In traditional directed evolution approaches, mutants are generated and screened for activity without sequencing until variants with desirable activities are found. In contrast, Fox's method uses protein sequence activity relationships (ProSAR). Briefly, all the protein variants are assayed, as is typically done, but the genes of a small, diverse subset are sequenced. Activity and sequence information are combined in a statistical analysis to determine the impact of each mutation on protein activity. The power of the approach rests in its ability to identify beneficial and detrimental mutations in a background of other mutations that conceal their effects. This requires about three sequence-activity measurements for every mutation in a suitably diverse library.

The method used to introduce mutations is unimportant, provided that it yields a suitably rich source of activity variation. “Our diversity comes from any source we can grab it—either random mutagenesis, rational or semi-rational hypotheses, scanning, anything that can go into the bucket is fully in play, but where we are taking it to the next level is trying to rapidly sift through that diversity once you have it in hand,” says Fox.
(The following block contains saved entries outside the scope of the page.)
(* Let $r\ge2$ be an integer, let $f\in C_p(\mathbb{R})$ and let $c>0$. Then $f\in\mathcal{P}_c$ if and only if the following holds: for all $n\in\mathbb{N}_0$, $k\in\mathbb{Z}$, $y\in(0,1)$ and all $t\ge \frac{1}{2cr^n}$, $$q_f\Big(t,x;\tfrac{k+y}{r^n}\Big)\ge \min\Big\{q_f\Big(t,x;\tfrac{k}{r^n}\Big),\,q_f\Big(t,x;\tfrac{k+1}{r^n}\Big)\Big\}\quad\text{for all }x\in\mathbb{R}.$$
   Context: $C_p(\mathbb{R})$ denotes the set of all continuous functions $f:\mathbb{R}\to\mathbb{R}$ periodic with period $1$ with $f(0)=0$; $\mathbb{N}_0=\mathbb{N}\cup\{0\}$. For $f\in C_p(\mathbb{R})$, $q_f(t,x;z)=f(z)+\frac{1}{2t}(x-z)^2$ for $(t,x,z)\in(0,\infty)\times\mathbb{R}\times\mathbb{R}$. For $(n,k,y)\in\mathbb{N}_0\times\mathbb{Z}\times(0,1)$ let $\delta^+_{n,k}(y;f)=\dfrac{f(\frac{k+1}{r^n})-f(\frac{k+y}{r^n})}{\frac{1-y}{r^n}}$, $\delta^-_{n,k}(y;f)=\dfrac{f(\frac{k+y}{r^n})-f(\frac{k}{r^n})}{\frac{y}{r^n}}$. For $c>0$, $\mathcal{P}_c$ is the set of $f\in C_p(\mathbb{R})$ with $\delta^+_{n,k}(y;f)-\delta^-_{n,k}(y;f)\le -c$ for all $(n,k,y)\in\mathbb{N}_0\times\mathbb{Z}\times(0,1)$. *)

theory Defs
  imports "HOL-Analysis.Analysis"
begin

definition Cp :: "(real \<Rightarrow> real) set" where
  "Cp = {f. continuous_on UNIV f \<and> (\<forall>x. f (x + 1) = f x) \<and> f 0 = 0}"

definition qf :: "(real \<Rightarrow> real) \<Rightarrow> real \<Rightarrow> real \<Rightarrow> real \<Rightarrow> real" where
  "qf f t x z = f z + (x - z)^2 / (2 * t)"

definition delta_plus :: "nat \<Rightarrow> nat \<Rightarrow> int \<Rightarrow> real \<Rightarrow> (real \<Rightarrow> real) \<Rightarrow> real" where
  "delta_plus r n k y f =
     (f ((k + 1) / real r ^ n) - f ((k + y) / real r ^ n)) / ((1 - y) / real r ^ n)"

definition delta_minus :: "nat \<Rightarrow> nat \<Rightarrow> int \<Rightarrow> real \<Rightarrow> (real \<Rightarrow> real) \<Rightarrow> real" where
  "delta_minus r n k y f =
     (f ((k + y) / real r ^ n) - f (k / real r ^ n)) / (y / real r ^ n)"

definition Pc :: "nat \<Rightarrow> real \<Rightarrow> (real \<Rightarrow> real) set" where
  "Pc r c = {f \<in> Cp. \<forall>n k y. 0 < y \<and> y < 1 \<longrightarrow>
                 delta_plus r n k y f - delta_minus r n k y f \<le> - c}"

end

theory Submission
  imports Defs
begin

text \<open>Put \<open>h = r\<^sup>-\<^sup>n\<close>, \<open>a = k h\<close> and let \<open>E\<close> be the excess of \<open>f (a + y h)\<close> over the chord
  \<open>(1 - y) f a + y f (a + h)\<close>. Then \<open>\<delta>\<^sup>+ - \<delta>\<^sup>- = -E / (y (1 - y) h)\<close>, so \<open>f \<in> \<P>\<^sub>c\<close> says
  \<open>E \<ge> c y (1 - y) h\<close>. Since \<open>q\<^sub>f(t, x; \<cdot>)\<close> is \<open>f\<close> plus a parabola of curvature \<open>1/t\<close>, its own
  chord excess is \<open>E - y (1 - y) h\<^sup>2 / (2 t)\<close>; for \<open>t \<ge> h / (2c)\<close> this is nonnegative, which
  gives the minimum property. Conversely, for \<open>t = h / (2c)\<close> one can choose \<open>x\<close> so that
  \<open>q\<^sub>f\<close> takes equal values at the two endpoints; then the minimum property says that the
  chord excess of \<open>q\<^sub>f\<close> is nonnegative.\<close>

definition chord_excess :: "(real \<Rightarrow> real) \<Rightarrow> real \<Rightarrow> real \<Rightarrow> real \<Rightarrow> real" where
  "chord_excess f a h y = f (a + y * h) - ((1 - y) * f a + y * f (a + h))"

lemma chord_excess_qf:
  assumes "t \<noteq> 0"
  shows "chord_excess (qf f t x) a h y = chord_excess f a h y - y * (1 - y) * h\<^sup>2 / (2 * t)"
  using assms by (simp add: chord_excess_def qf_def field_simps power2_eq_square)

lemma slope_difference_eq_chord_excess:
  fixes f :: "real \<Rightarrow> real"
  assumes "h \<noteq> 0" "y \<noteq> 0" "y \<noteq> 1"
  shows "(f (a + h) - f (a + y * h)) / ((1 - y) * h) - (f (a + y * h) - f a) / (y * h)
    = - chord_excess f a h y / (y * (1 - y) * h)"
  using assms by (simp add: chord_excess_def field_simps)

lemma slope_difference_le_iff:
  fixes f :: "real \<Rightarrow> real"
  assumes "h > 0" "0 < y" "y < 1"
  shows "(f (a + h) - f (a + y * h)) / ((1 - y) * h) - (f (a + y * h) - f a) / (y * h) \<le> - c
    \<longleftrightarrow> c * y * (1 - y) * h \<le> chord_excess f a h y"
proof -
  have "y * (1 - y) * h > 0"
    using assms by simp
  moreover have "(f (a + h) - f (a + y * h)) / ((1 - y) * h) - (f (a + y * h) - f a) / (y * h)
      = - (chord_excess f a h y / (y * (1 - y) * h))"
    using assms by (simp add: slope_difference_eq_chord_excess)
  ultimately show ?thesis
    by (simp add: pos_le_divide_eq mult_ac)
qed

lemma delta_difference_le_iff:
  assumes "r > 0" "0 < y" "y < 1"
  shows "delta_plus r n k y f - delta_minus r n k y f \<le> - c
    \<longleftrightarrow> c * y * (1 - y) * (1 / real r ^ n) \<le> chord_excess f (k / real r ^ n) (1 / real r ^ n) y"
proof -
  define a h where "a = k / real r ^ n" and "h = 1 / real r ^ n"
  have "delta_plus r n k y f = (f (a + h) - f (a + y * h)) / ((1 - y) * h)"
    by (simp add: delta_plus_def a_def h_def add_divide_distrib)
  moreover have "delta_minus r n k y f = (f (a + y * h) - f a) / (y * h)"
    by (simp add: delta_minus_def a_def h_def add_divide_distrib)
  moreover have "h > 0"
    using assms(1) by (simp add: h_def)
  ultimately have "delta_plus r n k y f - delta_minus r n k y f \<le> - c
      \<longleftrightarrow> c * y * (1 - y) * h \<le> chord_excess f a h y"
    using slope_difference_le_iff[of h y f a c] assms(2,3) by simp
  then show ?thesis
    unfolding a_def h_def .
qed

lemma convex_combination_ge_min:
  fixes u v y :: real
  assumes "0 \<le> y" "y \<le> 1"
  shows "(1 - y) * u + y * v \<ge> min u v"
proof -
  have "(1 - y) * u + y * v \<ge> (1 - y) * min u v + y * min u v"
    using assms by (intro add_mono mult_left_mono) auto
  then show ?thesis
    by (simp add: algebra_simps)
qed

lemma qf_balanced_endpoints:
  assumes "t \<noteq> 0" "h \<noteq> 0"
  shows "qf f t (a + h / 2 + t * (f (a + h) - f a) / h) a
    = qf f t (a + h / 2 + t * (f (a + h) - f a) / h) (a + h)"
  using assms by (simp add: qf_def field_simps power2_eq_square)

lemma qf_ge_min_iff_chord_excess:
  fixes f :: "real \<Rightarrow> real"
  assumes "h > 0" "c > 0" "0 \<le> y" "y \<le> 1"
  shows "(\<forall>t x. t \<ge> h / (2 * c) \<longrightarrow> qf f t x (a + y * h) \<ge> min (qf f t x a) (qf f t x (a + h)))
    \<longleftrightarrow> c * y * (1 - y) * h \<le> chord_excess f a h y"
proof
  assume min_prop: "\<forall>t x. t \<ge> h / (2 * c) \<longrightarrow> qf f t x (a + y * h) \<ge> min (qf f t x a) (qf f t x (a + h))"
  define t where "t = h / (2 * c)"
  define x where "x = a + h / 2 + t * (f (a + h) - f a) / h"
  have "t > 0"
    using assms by (simp add: t_def)
  have balanced: "qf f t x a = qf f t x (a + h)"
    unfolding x_def using qf_balanced_endpoints \<open>t > 0\<close> assms(1) by simp
  have "chord_excess (qf f t x) a h y \<ge> 0"
    using min_prop[rule_format, of t x] balanced by (simp add: t_def chord_excess_def algebra_simps)
  moreover have "y * (1 - y) * h\<^sup>2 / (2 * t) = c * y * (1 - y) * h"
    using assms by (simp add: t_def power2_eq_square)
  ultimately show "c * y * (1 - y) * h \<le> chord_excess f a h y"
    using chord_excess_qf[of t f x a h y] \<open>t > 0\<close> by simp
next
  assume excess: "c * y * (1 - y) * h \<le> chord_excess f a h y"
  show "\<forall>t x. t \<ge> h / (2 * c) \<longrightarrow> qf f t x (a + y * h) \<ge> min (qf f t x a) (qf f t x (a + h))"
  proof (intro allI impI)
    fix t x :: real
    assume "t \<ge> h / (2 * c)"
    moreover have "h / (2 * c) > 0"
      using assms by simp
    ultimately have "t > 0"
      by linarith
    with \<open>t \<ge> h / (2 * c)\<close> have "h / (2 * t) \<le> c"
      using assms by (simp add: field_simps)
    then have "y * (1 - y) * h\<^sup>2 / (2 * t) \<le> c * y * (1 - y) * h"
      using mult_left_mono[of "h / (2 * t)" c "y * (1 - y) * h"] assms
      by (simp add: power2_eq_square mult_ac)
    then have "chord_excess (qf f t x) a h y \<ge> 0"
      using chord_excess_qf[of t f x a h y] excess \<open>t > 0\<close> by simp
    then show "qf f t x (a + y * h) \<ge> min (qf f t x a) (qf f t x (a + h))"
      using convex_combination_ge_min[OF assms(3,4), of "qf f t x a" "qf f t x (a + h)"]
      by (simp add: chord_excess_def)
  qed
qed

lemma delta_difference_le_iff_qf_ge_min:
  fixes k :: int and y c :: real
  assumes "r > 0" "c > 0" "0 < y" "y < 1"
  shows "delta_plus r n k y f - delta_minus r n k y f \<le> - c \<longleftrightarrow>
    (\<forall>t x. t \<ge> 1 / (2 * c * real r ^ n) \<longrightarrow>
       qf f t x ((k + y) / real r ^ n) \<ge>
         min (qf f t x (k / real r ^ n)) (qf f t x ((real_of_int k + 1) / real r ^ n)))"
proof -
  have points: "(real_of_int k + 1) / real r ^ n = k / real r ^ n + 1 / real r ^ n"
    "(k + y) / real r ^ n = k / real r ^ n + y * (1 / real r ^ n)"
    "1 / (2 * c * real r ^ n) = (1 / real r ^ n) / (2 * c)"
    by (simp_all add: add_divide_distrib)
  show ?thesis
    unfolding points delta_difference_le_iff[OF assms(1,3,4)]
    using qf_ge_min_iff_chord_excess[of "1 / real r ^ n" c y f "k / real r ^ n"] assms
    by simp
qed

theorem theorem2p3:
  fixes r :: nat and f :: "real \<Rightarrow> real" and c :: real
  assumes "r \<ge> 2" and "f \<in> Cp" and "c > 0"
  shows "f \<in> Pc r c \<longleftrightarrow>
    (\<forall>(n::nat) (k::int) (y::real) (t::real) (x::real).
       0 < y \<and> y < 1 \<and> t \<ge> 1 / (2 * c * real r ^ n) \<longrightarrow>
       qf f t x ((k + y) / real r ^ n) \<ge>
         min (qf f t x (k / real r ^ n)) (qf f t x ((k + 1) / real r ^ n)))"
proof -
  have "r > 0"
    using assms(1) by simp
  have "f \<in> Pc r c \<longleftrightarrow>
      (\<forall>n k y. 0 < y \<and> y < 1 \<longrightarrow> delta_plus r n k y f - delta_minus r n k y f \<le> - c)"
    using assms(2) by (simp add: Pc_def)
  also have "\<dots> \<longleftrightarrow> (\<forall>(n::nat) (k::int) (y::real). 0 < y \<and> y < 1 \<longrightarrow>
      (\<forall>t x. t \<ge> 1 / (2 * c * real r ^ n) \<longrightarrow>
         qf f t x ((k + y) / real r ^ n) \<ge>
           min (qf f t x (k / real r ^ n)) (qf f t x ((k + 1) / real r ^ n))))"
    using delta_difference_le_iff_qf_ge_min[OF \<open>r > 0\<close> assms(3)] by simp
  finally show ?thesis
    by blast
qed

end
This approach is most valuable for proteins that require several assays to fully characterize the activity or when more than one property is being selected for. “We need the enzyme to be highly active, stable in the process, and tolerant of high concentrations of organics and product. We are interested in whether this enzyme is highly active when the reaction has already reached 90% conversion at 1 M substrate concentration,” says Huisman.

Is this method suitable for all directed evolution applications? “If you have something like phage display and a very rapid way of generating diversity, [ProSAR] may not be necessary. But it's certainly applicable to any directed evolution project where you have a certain number of mutations and you want to search through them as efficiently as possible,” says Fox.